▶ _Work required_
Nothing is needed except the lines below that run from the one with "using X.a_rcos_zero[OF Jsig_ideal" through the one with "using X.quotient_eq_iff_same_a_r_cos[OF Jsig_ideal]", repeated exactly.
The records section start
lemma clsQ_hom: "clsQ t h \<in> ring_hom (laurent (gensX t h)) (quotX t h)"
proof -
  have "clsQ t h = (+>\<^bsub>ringX t h\<^esub>) (Jsig t h) \<circ> clsX t h"
    by (auto simp: clsQ_def)
  then show ?thesis
    unfolding quotX_def using ring_hom_trans[OF clsX_hom ideal.rcos_ring_hom[OF Jsig_ideal]] by simp
qed

lemma clsQ_relX: "r \<in> relsX t h \<Longrightarrow> clsQ t h r = \<zero>\<^bsub>quotX t h\<^esub>"
proof -
  assume r: "r \<in> relsX t h"
  interpret X: cring "ringX t h" by (rule ringX_cring)
  interpret J: ideal "Jsig t h" "ringX t h" by (rule Jsig_ideal)
  have "clsX t h r = \<zero>\<^bsub>ringX t h\<^esub>"
    unfolding clsX_def ringX_def by (rule cls_rel[OF relsX_lpolys r])
  then show ?thesis
    using X.a_rcos_zero[OF Jsig_ideal J.zero_closed]
    by (simp add: clsQ_def quotX_def FactRing_def)
qed

lemma clsQ_TX_sigma:
  assumes a: "a \<in> nodes t" and m: "m \<ge> 1"
  shows "clsQ t h (TX h a m u) = clsQ t h (TX h (sigma t a) m (u + Omega t h))"
proof -
  interpret X: cring "ringX t h" by (rule ringX_cring)
  let ?d = "clsX t h (TX h a m u) \<ominus>\<^bsub>ringX t h\<^esub> clsX t h (TX h (sigma t a) m (u + Omega t h))"
  have "?d \<in> Jsig t h"
    unfolding Jsig_def using X.genideal_self[OF Jsig_gens_carrier] a m by blast
  then show ?thesis
    unfolding clsQ_def
    using X.quotient_eq_iff_same_a_r_cos[OF Jsig_ideal] clsX_TX_carrier a sigma_in_nodes[OF valid a]
    by blast
qed

lemma clsQ_TX_sigma_pow:
  assumes a: "a \<in> nodes t" and m: "m \<ge> 1"
  shows "clsQ t h (TX h ((sigma t ^^ n) a) m u) = clsQ t h (TX h a m (u - of_nat n * Omega t h))"
proof (induction n arbitrary: u)
  case 0
  then show ?case by simp
next
  case (Suc n)
  have "(sigma t ^^ n) a \<in> nodes t"
    using a by (induction n) (auto intro: sigma_in_nodes[OF valid])
  then have "clsQ t h (TX h ((sigma t ^^ Suc n) a) m u)
      = clsQ t h (TX h ((sigma t ^^ n) a) m (u - Omega t h))"
    using clsQ_TX_sigma[OF _ m, of "(sigma t ^^ n) a" "u - Omega t h"] by simp
  also have "\<dots> = clsQ t h (TX h a m (u - of_nat (Suc n) * Omega t h))"
    using Suc.IH by (simp add: algebra_simps)
  finally show ?case .
qed

lemma clsQ_TX_fold:
  assumes a: "a \<in> nodes t" and m: "m \<ge> 1"
  shows "clsQ t h (TX h a m u)
       = clsQ t h (TX h (fold_node t a) m (u - of_nat (fold_shift t a) * Omega t h))"
proof -
  have "fold_node t a \<in> nodes t"
    using fold_node_in_Isig[OF valid a] Isig_subset_nodes[OF valid] by blast
  from clsQ_TX_sigma_pow[OF this m, of "fold_shift t a" u] show ?thesis
    by (simp add: sigma_pow_fold_node[OF valid a])
qed

text \<open>If \<open>\<kappa>\<^sub>b = \<kappa>\<close> then \<open>b\<close> is fixed by \<open>\<sigma>\<close>, so \<open>clsQ_TX_sigma_pow\<close> gives the period \<open>\<Omega>\<close>.\<close>
lemma clsQ_TX_periodic:
  assumes b: "b \<in> Isig t" and m: "m \<ge> 1"
    and xy: "cyl (of_nat (kappa_a t b) * h) x = cyl (of_nat (kappa_a t b) * h) y"
  shows "clsQ t h (TX h b m x) = clsQ t h (TX h b m y)"
proof (cases "kappa_a t b = 1")
  case True
  then show ?thesis using xy by (simp add: TX_def)
next
  case False
  then have fixed: "sigma t b = b" and kappa: "kappa_a t b = kappa t"
    using kappa_a_cases[of t b] by auto
  have bn: "b \<in> nodes t" using b Isig_subset_nodes[OF valid] by blast
  have shift: "clsQ t h (TX h b m v) = clsQ t h (TX h b m (v - of_nat n * Omega t h))" for v n
    using clsQ_TX_sigma_pow[OF bn m, of n v] fixed by (simp add: funpow_fixpoint)
  have "y \<in> cyl (of_nat (kappa t) * h) x" using xy cyl_self[of y] kappa by simp
  then obtain k :: int where "y - x = of_int k * (2 * of_real pi * \<i> / (of_nat (kappa t) * h))"
    unfolding mem_cyl_iff by blast
  then have y: "y = x + of_int k * Omega t h"
    by (simp add: Omega_def algebra_simps)
  show ?thesis
  proof (cases "k \<ge> 0")
    case True
    then show ?thesis using shift[of y "nat k"] by (simp add: y)
  next
    case False
    then show ?thesis using shift[of x "nat (- k)"] by (simp add: y)
  qed
qed

lemma clsQ_unfold_TT:
  assumes b: "b \<in> Isig t"
  shows "clsQ t h (unfold_vars (TT t h b m x)) = clsQ t h (TX h b m x)"
proof (cases "m \<ge> 1")
  case True
  have "of_nat (kappa_a t b) * h \<noteq> 0" using h_nonzero kappa_a_pos[of t b] by simp
  then show ?thesis
    unfolding unfold_vars_TT[OF b True]
    by (intro clsQ_TX_periodic[OF b True] cyl_eq_if_mem some_in_cyl)
next
  case False
  then show ?thesis by (simp add: TT_def TX_def)
qed

lemma clsQ_unfold_fold:
  assumes p: "p \<in> lpolys (gensX t h)"
  shows "clsQ t h (unfold_vars (fold_vars p)) = clsQ t h p"
proof (rule laurent_hom_eqI[OF quotX_cring _ clsQ_hom _ p])
  show "(\<lambda>p. clsQ t h (unfold_vars (fold_vars p))) \<in> ring_hom (laurent (gensX t h)) (quotX t h)"
    using ring_hom_trans[OF rename_vars_hom[OF fold_gen_gens]
        ring_hom_trans[OF rename_vars_hom[OF unfold_gen_gens] clsQ_hom]]
    by (simp add: comp_def)
  fix x assume "x \<in> gensX t h"
  then obtain a m u where x: "x = (a, m, cyl h u)" "a \<in> nodes t" "m \<ge> 1"
    unfolding gensX_def by blast
  then have "var x = TX h a m u" by (simp add: TX_def)
  then show "clsQ t h (unfold_vars (fold_vars (var x))) = clsQ t h (var x)"
    using clsQ_unfold_TT[OF fold_node_in_Isig[OF valid x(2)]] clsQ_TX_fold[OF x(2,3)]
    by (simp add: fold_vars_TX[OF x(2)] fold_T_def)
qed

end

context twisted_T_system
begin

definition fold_hom :: "gen lpoly set \<Rightarrow> gen lpoly set" where
  "fold_hom = quot_lift (\<lambda>p. clsT t h (fold_vars p))"

definition unfold_hom :: "gen lpoly set \<Rightarrow> gen lpoly set set" where
  "unfold_hom = quot_lift (\<lambda>q. clsQ t h (unfold_vars q))"

lemma clsT_fold_vars_hom:
  "(\<lambda>p. clsT t h (fold_vars p)) \<in> ring_hom (laurent (gensX t h)) (ringT t h)"
  using ring_hom_trans[OF rename_vars_hom[OF fold_gen_gens] clsT_hom] by (simp add: comp_def)

lemma clsT_fold_vars_relX: "r \<in> relsX t h \<Longrightarrow> clsT t h (fold_vars r) = \<zero>\<^bsub>ringT t h\<^esub>"
  unfolding clsT_def ringT_def by (rule cls_rel[OF relsT_lpolys fold_vars_relsX])

lemma fold_hom_ring_hom: "fold_hom \<in> ring_hom (ringX t h) (ringT t h)"
  using presented_lift(1)[OF relsX_lpolys ringT_cring clsT_fold_vars_hom clsT_fold_vars_relX]
  by (simp add: fold_hom_def ringX_def)

lemma fold_hom_clsX: "p \<in> lpolys (gensX t h) \<Longrightarrow> fold_hom (clsX t h p) = clsT t h (fold_vars p)"
  using presented_lift(2)[OF relsX_lpolys ringT_cring clsT_fold_vars_hom clsT_fold_vars_relX]
  by (simp add: fold_hom_def clsX_def)

lemma clsQ_unfold_vars_hom:
  "(\<lambda>q. clsQ t h (unfold_vars q)) \<in> ring_hom (laurent (gensT t h)) (quotX t h)"
  using ring_hom_trans[OF rename_vars_hom[OF unfold_gen_gens] clsQ_hom] by (simp add: comp_def)

text \<open>Each relation of \<open>T(X\<^sup>(\<^sup>\<kappa>\<^sup>)\<^sub>N)\<close> is the folding of a relation of \<open>T(X\<^sub>N)\<close>, and
  unfolding undoes folding modulo \<open>J\<^sup>\<sigma>\<close>.\<close>
lemma clsQ_unfold_vars_relT:
  assumes "r \<in> relsT t h"
  shows "clsQ t h (unfold_vars r) = \<zero>\<^bsub>quotX t h\<^esub>"
proof -
  obtain r' where "r' \<in> relsX t h" "r = fold_vars r'"
    using relsT_subset_fold_vars assms by blast
  then show ?thesis using clsQ_unfold_fold relsX_lpolys clsQ_relX by auto
qed

lemma unfold_hom_ring_hom: "unfold_hom \<in> ring_hom (ringT t h) (quotX t h)"
  using presented_lift(1)[OF relsT_lpolys quotX_cring clsQ_unfold_vars_hom clsQ_unfold_vars_relT]
  by (simp add: unfold_hom_def ringT_def)

lemma unfold_hom_clsT:
  "q \<in> lpolys (gensT t h) \<Longrightarrow> unfold_hom (clsT t h q) = clsQ t h (unfold_vars q)"
  using presented_lift(2)[OF relsT_lpolys quotX_cring clsQ_unfold_vars_hom clsQ_unfold_vars_relT]
  by (simp add: unfold_hom_def clsT_def)

lemma ringX_carrier_clsX:
  assumes "Y \<in> carrier (ringX t h)"
  obtains p where "p \<in> lpolys (gensX t h)" "Y = clsX t h p"
  using assms unfolding ringX_def clsX_def by (rule presented_carrier_cls)

lemma fold_hom_surj: "fold_hom ` carrier (ringX t h) = carrier (ringT t h)"
proof
  show "fold_hom ` carrier (ringX t h) \<subseteq> carrier (ringT t h)"
    using ring_hom_closed[OF fold_hom_ring_hom] by blast
  show "carrier (ringT t h) \<subseteq> fold_hom ` carrier (ringX t h)"
  proof
    fix Y assume "Y \<in> carrier (ringT t h)"
    then obtain q where q: "q \<in> lpolys (gensT t h)" "Y = clsT t h q"
      unfolding ringT_def clsT_def by (rule presented_carrier_cls)
    have uq: "unfold_vars q \<in> lpolys (gensX t h)"
      using q(1) unfold_gen_gens by (rule rename_vars_lpolys)
    then have "Y = fold_hom (clsX t h (unfold_vars q))"
      using q by (simp add: fold_hom_clsX fold_unfold_vars)
    moreover have "clsX t h (unfold_vars q) \<in> carrier (ringX t h)"
      using uq ring_hom_closed[OF clsX_hom] by simp
    ultimately show "Y \<in> fold_hom ` carrier (ringX t h)" by blast
  qed
qed

lemma Jsig_subset_kernel: "Jsig t h \<subseteq> a_kernel (ringX t h) (ringT t h) fold_hom"
proof -
  interpret X: cring "ringX t h" by (rule ringX_cring)
  have "ring_hom_ring (ringX t h) (ringT t h) fold_hom"
    using X.ring_axioms cring.axioms(1)[OF ringT_cring] fold_hom_ring_hom by (rule ring_hom_ringI2)
  then have ker: "ideal (a_kernel (ringX t h) (ringT t h) fold_hom) (ringX t h)"
    by (rule ring_hom_ring.kernel_is_ideal)
  show ?thesis
    unfolding Jsig_def
  proof (rule X.genideal_minimal[OF ker], safe)
    fix a m :: nat and u :: complex
    assume a: "a \<in> nodes t" and m: "m \<ge> 1"
    have sa: "sigma t a \<in> nodes t" using sigma_in_nodes[OF valid a] .
    let ?p = "TX h a m u" and ?q = "TX h (sigma t a) m (u + Omega t h)"
    have pq: "?p \<in> lpolys (gensX t h)" "?q \<in> lpolys (gensX t h)"
      using TX_lpolys a sa by auto
    have diff: "clsX t h ?p \<ominus>\<^bsub>ringX t h\<^esub> clsX t h ?q = clsX t h (?p - ?q)"
      using ring_hom_laurent_diff[OF clsX_hom ringX_cring pq] by simp
    have "fold_vars (?p - ?q) = 0"
      by (simp add: rename_vars_diff fold_vars_TX a sa fold_T_sigma)
    then have "fold_hom (clsX t h (?p - ?q)) = \<zero>\<^bsub>ringT t h\<^esub>"
      using fold_hom_clsX pq
        ring_hom_zero[OF clsT_hom laurent.ring_axioms cring.axioms(1)[OF ringT_cring]]
      by (simp add: lpolys_diff)
    then show "clsX t h ?p \<ominus>\<^bsub>ringX t h\<^esub> clsX t h ?q \<in> a_kernel (ringX t h) (ringT t h) fold_hom"
      unfolding diff a_kernel_def' using ring_hom_closed[OF clsX_hom] pq by (simp add: lpolys_diff)
  qed
qed

lemma kernel_fold_hom: "a_kernel (ringX t h) (ringT t h) fold_hom = Jsig t h"
proof (rule a_kernel_eqI[OF _ Jsig_ideal Jsig_subset_kernel unfold_hom_ring_hom[unfolded quotX_def]])
  show "ring_hom_ring (ringX t h) (ringT t h) fold_hom"
    using cring.axioms(1)[OF ringX_cring] cring.axioms(1)[OF ringT_cring] fold_hom_ring_hom
    by (rule ring_hom_ringI2)
  fix Y assume "Y \<in> carrier (ringX t h)"
  then obtain p where p: "p \<in> lpolys (gensX t h)" "Y = clsX t h p" by (rule ringX_carrier_clsX)
  have "fold_vars p \<in> lpolys (gensT t h)"
    using p(1) fold_gen_gens by (rule rename_vars_lpolys)
  then have "unfold_hom (fold_hom Y) = clsQ t h p"
    using p by (simp add: fold_hom_clsX unfold_hom_clsT clsQ_unfold_fold)
  then show "unfold_hom (fold_hom Y) = Jsig t h +>\<^bsub>ringX t h\<^esub> Y"
    using p(2) by (simp add: clsQ_def)
qed

lemma quotX_iso:
  "\<exists>\<phi>. \<phi> \<in> ring_iso (quotX t h) (ringT t h) \<and>
     (\<forall>a \<in> Isig t. \<forall>m::nat. \<forall>u::complex. m \<ge> 1 \<longrightarrow>
        \<phi> (clsQ t h (TX h a m u)) = clsT t h (TT t h a m u))"
proof (intro exI conjI ballI allI impI)
  interpret F: ring_hom_ring "ringX t h" "ringT t h" fold_hom
    using cring.axioms(1)[OF ringX_cring] cring.axioms(1)[OF ringT_cring] fold_hom_ring_hom
    by (rule ring_hom_ringI2)
  show "(\<lambda>X. the_elem (fold_hom ` X)) \<in> ring_iso (quotX t h) (ringT t h)"
    using F.FactRing_iso_set[OF fold_hom_surj] by (simp add: quotX_def kernel_fold_hom)
  fix a m u assume a: "a \<in> Isig t"
  have an: "a \<in> nodes t" using a Isig_subset_nodes[OF valid] by blast
  have "the_elem (fold_hom ` clsQ t h (TX h a m u)) = fold_hom (clsX t h (TX h a m u))"
    unfolding clsQ_def kernel_fold_hom[symmetric] using clsX_TX_carrier[OF an] by simp
  also have "\<dots> = clsT t h (TT t h a m u)"
    using a by (simp add: fold_hom_clsX[OF TX_lpolys[OF an]] fold_vars_TX[OF an] fold_T_def
        fold_node_Isig fold_shift_Isig)
  finally show "the_elem (fold_hom ` clsQ t h (TX h a m u)) = clsT t h (TT t h a m u)" .
qed

end

theorem proposition9p5:
  fixes t :: ttype and h :: complex
  assumes "valid_type t"
    and "\<forall>q::rat. h \<noteq> 2 * of_real pi * \<i> * of_real (of_rat q)"
  shows "\<exists>\<phi>. \<phi> \<in> ring_iso (quotX t h) (ringT t h) \<and>
           (\<forall>a \<in> Isig t. \<forall>m::nat. \<forall>u::complex. m \<ge> 1 \<longrightarrow>
              \<phi> (clsQ t h (TX h a m u)) = clsT t h (TT t h a m u))"
proof -
  have "h \<noteq> 0" using assms(2)[rule_format, of 0] by simp
  with assms(1) interpret twisted_T_system t h by unfold_locales
  show ?thesis by (rule quotX_iso)
qed

end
The records section end
▶ _Result of the task_
    using X.a_rcos_zero[OF Jsig_ideal J.zero_closed]
    by (simp add: clsQ_def quotX_def FactRing_def)
qed

lemma clsQ_TX_sigma:
  assumes a: "a \<in> nodes t" and m: "m \<ge> 1"
  shows "clsQ t h (TX h a m u) = clsQ t h (TX h (sigma t a) m (u + Omega t h))"
proof -
  interpret X: cring "ringX t h" by (rule ringX_cring)
  let ?d = "clsX t h (TX h a m u) \<ominus>\<^bsub>ringX t h\<^esub> clsX t h (TX h (sigma t a) m (u + Omega t h))"
  have "?d \<in> Jsig t h"
    unfolding Jsig_def using X.genideal_self[OF Jsig_gens_carrier] a m by blast
  then show ?thesis
    unfolding clsQ_def
    using X.quotient_eq_iff_same_a_r_cos[OF Jsig_ideal] clsX_TX_carrier a sigma_in_nodes[OF valid a]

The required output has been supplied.